__Input__:
--------------------
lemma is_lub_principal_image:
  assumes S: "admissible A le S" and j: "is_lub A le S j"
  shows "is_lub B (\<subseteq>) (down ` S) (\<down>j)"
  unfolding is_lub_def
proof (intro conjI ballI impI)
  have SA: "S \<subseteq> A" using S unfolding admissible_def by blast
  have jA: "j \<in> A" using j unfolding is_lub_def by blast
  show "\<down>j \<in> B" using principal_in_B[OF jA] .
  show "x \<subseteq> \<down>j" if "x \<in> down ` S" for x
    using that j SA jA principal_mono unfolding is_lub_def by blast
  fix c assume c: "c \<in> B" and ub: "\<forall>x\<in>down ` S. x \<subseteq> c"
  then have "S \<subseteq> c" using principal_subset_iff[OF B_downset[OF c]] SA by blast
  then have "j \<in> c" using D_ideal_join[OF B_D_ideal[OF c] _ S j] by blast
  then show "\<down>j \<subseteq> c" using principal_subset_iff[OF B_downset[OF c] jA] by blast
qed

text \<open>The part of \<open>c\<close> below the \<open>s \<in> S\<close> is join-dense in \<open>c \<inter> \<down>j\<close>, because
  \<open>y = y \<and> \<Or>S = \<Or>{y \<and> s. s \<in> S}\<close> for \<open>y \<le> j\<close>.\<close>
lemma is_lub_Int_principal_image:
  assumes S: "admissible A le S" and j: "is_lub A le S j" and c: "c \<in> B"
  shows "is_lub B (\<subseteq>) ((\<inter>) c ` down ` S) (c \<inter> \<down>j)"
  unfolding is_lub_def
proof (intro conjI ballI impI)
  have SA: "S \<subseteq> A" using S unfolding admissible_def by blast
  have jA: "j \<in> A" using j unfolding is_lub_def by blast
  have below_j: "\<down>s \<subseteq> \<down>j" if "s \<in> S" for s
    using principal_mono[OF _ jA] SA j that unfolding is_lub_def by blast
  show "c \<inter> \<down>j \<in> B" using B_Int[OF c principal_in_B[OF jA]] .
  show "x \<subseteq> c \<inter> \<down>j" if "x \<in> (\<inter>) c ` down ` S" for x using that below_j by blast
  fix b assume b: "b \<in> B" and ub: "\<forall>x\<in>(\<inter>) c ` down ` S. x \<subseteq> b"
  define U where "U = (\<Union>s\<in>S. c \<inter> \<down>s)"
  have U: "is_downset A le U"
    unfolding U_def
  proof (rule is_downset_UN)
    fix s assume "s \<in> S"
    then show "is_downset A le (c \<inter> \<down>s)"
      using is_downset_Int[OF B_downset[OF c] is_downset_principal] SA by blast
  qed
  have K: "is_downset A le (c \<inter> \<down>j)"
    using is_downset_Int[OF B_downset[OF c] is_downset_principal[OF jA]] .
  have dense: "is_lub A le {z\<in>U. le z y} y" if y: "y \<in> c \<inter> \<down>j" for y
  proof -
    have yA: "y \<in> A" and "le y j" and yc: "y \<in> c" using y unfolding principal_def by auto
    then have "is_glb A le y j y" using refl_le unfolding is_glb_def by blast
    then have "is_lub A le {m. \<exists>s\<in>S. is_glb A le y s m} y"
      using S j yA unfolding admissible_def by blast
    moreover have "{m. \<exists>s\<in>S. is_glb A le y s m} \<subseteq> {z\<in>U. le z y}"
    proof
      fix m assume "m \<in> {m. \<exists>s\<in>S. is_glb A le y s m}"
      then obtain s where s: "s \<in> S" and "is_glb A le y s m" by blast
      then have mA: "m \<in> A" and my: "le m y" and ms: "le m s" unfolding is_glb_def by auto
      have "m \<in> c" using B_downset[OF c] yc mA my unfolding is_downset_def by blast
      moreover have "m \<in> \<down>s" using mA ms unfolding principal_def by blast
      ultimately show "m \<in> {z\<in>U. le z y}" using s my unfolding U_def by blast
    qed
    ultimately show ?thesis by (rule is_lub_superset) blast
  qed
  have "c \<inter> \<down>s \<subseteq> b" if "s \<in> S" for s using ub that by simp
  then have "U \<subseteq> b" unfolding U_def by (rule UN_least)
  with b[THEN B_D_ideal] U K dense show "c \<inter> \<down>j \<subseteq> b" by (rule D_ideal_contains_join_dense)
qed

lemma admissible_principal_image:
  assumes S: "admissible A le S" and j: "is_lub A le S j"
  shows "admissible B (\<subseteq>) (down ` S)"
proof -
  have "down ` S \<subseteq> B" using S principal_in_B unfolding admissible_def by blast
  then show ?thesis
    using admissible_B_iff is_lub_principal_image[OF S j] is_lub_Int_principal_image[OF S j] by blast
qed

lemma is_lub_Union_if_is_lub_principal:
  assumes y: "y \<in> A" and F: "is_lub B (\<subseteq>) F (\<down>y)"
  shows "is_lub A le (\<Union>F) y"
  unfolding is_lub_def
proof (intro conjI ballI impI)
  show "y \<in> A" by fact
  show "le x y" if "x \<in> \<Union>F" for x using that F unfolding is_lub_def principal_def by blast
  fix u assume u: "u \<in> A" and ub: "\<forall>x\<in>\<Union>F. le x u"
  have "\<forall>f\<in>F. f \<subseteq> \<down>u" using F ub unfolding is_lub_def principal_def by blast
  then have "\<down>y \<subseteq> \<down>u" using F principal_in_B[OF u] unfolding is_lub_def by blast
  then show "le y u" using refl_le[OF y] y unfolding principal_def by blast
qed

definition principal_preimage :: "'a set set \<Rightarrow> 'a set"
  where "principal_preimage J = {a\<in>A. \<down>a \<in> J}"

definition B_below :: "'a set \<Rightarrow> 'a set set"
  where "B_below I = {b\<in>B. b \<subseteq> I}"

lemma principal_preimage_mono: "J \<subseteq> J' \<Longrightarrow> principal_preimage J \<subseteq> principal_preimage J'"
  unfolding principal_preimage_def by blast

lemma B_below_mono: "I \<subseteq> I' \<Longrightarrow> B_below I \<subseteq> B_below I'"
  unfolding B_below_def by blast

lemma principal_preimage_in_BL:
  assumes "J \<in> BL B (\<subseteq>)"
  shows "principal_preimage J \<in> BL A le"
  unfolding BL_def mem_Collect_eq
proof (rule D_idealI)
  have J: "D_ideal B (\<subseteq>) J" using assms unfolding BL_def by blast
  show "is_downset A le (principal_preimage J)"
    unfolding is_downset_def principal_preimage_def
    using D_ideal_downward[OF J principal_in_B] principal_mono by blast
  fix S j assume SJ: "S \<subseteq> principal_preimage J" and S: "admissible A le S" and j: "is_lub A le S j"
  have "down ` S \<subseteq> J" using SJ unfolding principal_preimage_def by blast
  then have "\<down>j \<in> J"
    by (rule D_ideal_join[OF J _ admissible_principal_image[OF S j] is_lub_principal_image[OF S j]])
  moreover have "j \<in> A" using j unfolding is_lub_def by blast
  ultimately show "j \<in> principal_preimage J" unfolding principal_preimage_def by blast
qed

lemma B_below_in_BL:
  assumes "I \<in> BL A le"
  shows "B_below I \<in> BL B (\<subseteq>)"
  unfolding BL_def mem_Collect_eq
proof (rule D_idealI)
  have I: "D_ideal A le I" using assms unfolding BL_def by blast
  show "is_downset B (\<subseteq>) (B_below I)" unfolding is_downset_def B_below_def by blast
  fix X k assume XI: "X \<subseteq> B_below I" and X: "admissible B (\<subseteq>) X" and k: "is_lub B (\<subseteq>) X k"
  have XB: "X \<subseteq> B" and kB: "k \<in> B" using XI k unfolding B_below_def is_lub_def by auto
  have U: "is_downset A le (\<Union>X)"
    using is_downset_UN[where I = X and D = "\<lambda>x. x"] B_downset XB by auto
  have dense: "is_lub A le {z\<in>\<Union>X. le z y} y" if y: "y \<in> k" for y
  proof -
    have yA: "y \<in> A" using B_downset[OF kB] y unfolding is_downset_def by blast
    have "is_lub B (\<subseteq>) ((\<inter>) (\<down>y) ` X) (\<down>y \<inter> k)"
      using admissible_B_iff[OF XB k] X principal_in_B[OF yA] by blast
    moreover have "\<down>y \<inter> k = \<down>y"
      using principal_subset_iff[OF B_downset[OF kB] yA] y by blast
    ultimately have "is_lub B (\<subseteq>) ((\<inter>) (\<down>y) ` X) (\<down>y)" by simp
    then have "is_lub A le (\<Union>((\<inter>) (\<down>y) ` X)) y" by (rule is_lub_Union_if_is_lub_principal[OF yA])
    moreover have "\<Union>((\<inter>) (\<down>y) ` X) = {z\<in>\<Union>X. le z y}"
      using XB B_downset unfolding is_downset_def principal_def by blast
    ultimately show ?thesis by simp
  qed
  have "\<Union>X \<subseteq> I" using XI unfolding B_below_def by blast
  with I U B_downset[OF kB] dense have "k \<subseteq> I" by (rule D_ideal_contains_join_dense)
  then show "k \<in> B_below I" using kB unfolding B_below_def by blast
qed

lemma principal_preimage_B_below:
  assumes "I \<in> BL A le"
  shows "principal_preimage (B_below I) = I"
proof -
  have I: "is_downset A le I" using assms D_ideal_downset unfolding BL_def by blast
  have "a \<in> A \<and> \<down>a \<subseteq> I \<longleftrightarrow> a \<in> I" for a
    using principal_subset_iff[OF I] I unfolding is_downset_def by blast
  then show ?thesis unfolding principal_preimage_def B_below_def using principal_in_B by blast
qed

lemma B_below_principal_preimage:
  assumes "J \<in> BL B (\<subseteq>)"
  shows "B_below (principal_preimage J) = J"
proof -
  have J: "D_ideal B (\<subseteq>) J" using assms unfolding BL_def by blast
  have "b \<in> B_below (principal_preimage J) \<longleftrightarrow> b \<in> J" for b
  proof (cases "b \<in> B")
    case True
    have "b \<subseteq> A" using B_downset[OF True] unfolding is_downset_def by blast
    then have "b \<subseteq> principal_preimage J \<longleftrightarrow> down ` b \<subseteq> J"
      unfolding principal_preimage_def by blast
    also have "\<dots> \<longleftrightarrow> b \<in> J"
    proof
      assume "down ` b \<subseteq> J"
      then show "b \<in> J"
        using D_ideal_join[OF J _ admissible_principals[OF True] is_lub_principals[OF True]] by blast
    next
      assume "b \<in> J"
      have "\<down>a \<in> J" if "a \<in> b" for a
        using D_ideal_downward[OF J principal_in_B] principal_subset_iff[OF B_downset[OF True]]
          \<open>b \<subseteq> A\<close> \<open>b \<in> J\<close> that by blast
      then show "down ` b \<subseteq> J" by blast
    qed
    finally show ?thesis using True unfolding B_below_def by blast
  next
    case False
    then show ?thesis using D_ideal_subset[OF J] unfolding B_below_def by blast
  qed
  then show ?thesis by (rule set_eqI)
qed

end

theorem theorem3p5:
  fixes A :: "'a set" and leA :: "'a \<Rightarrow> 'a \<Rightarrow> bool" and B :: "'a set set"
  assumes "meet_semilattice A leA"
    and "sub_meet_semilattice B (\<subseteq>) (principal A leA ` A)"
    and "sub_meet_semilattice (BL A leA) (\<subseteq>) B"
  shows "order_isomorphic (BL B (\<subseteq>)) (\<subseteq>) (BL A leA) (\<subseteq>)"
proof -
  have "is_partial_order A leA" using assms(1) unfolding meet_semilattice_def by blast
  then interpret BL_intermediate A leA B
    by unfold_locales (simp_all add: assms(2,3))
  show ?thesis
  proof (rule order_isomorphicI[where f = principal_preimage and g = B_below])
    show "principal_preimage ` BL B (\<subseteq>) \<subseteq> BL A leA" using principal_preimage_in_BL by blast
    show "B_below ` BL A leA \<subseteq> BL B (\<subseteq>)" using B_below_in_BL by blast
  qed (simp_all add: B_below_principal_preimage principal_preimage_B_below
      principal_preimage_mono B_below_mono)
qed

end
--------------------
__Instructions to follow__:
Only the number is wanted: how many lines in the data include the word "True"?

__Response for this exercise__:
5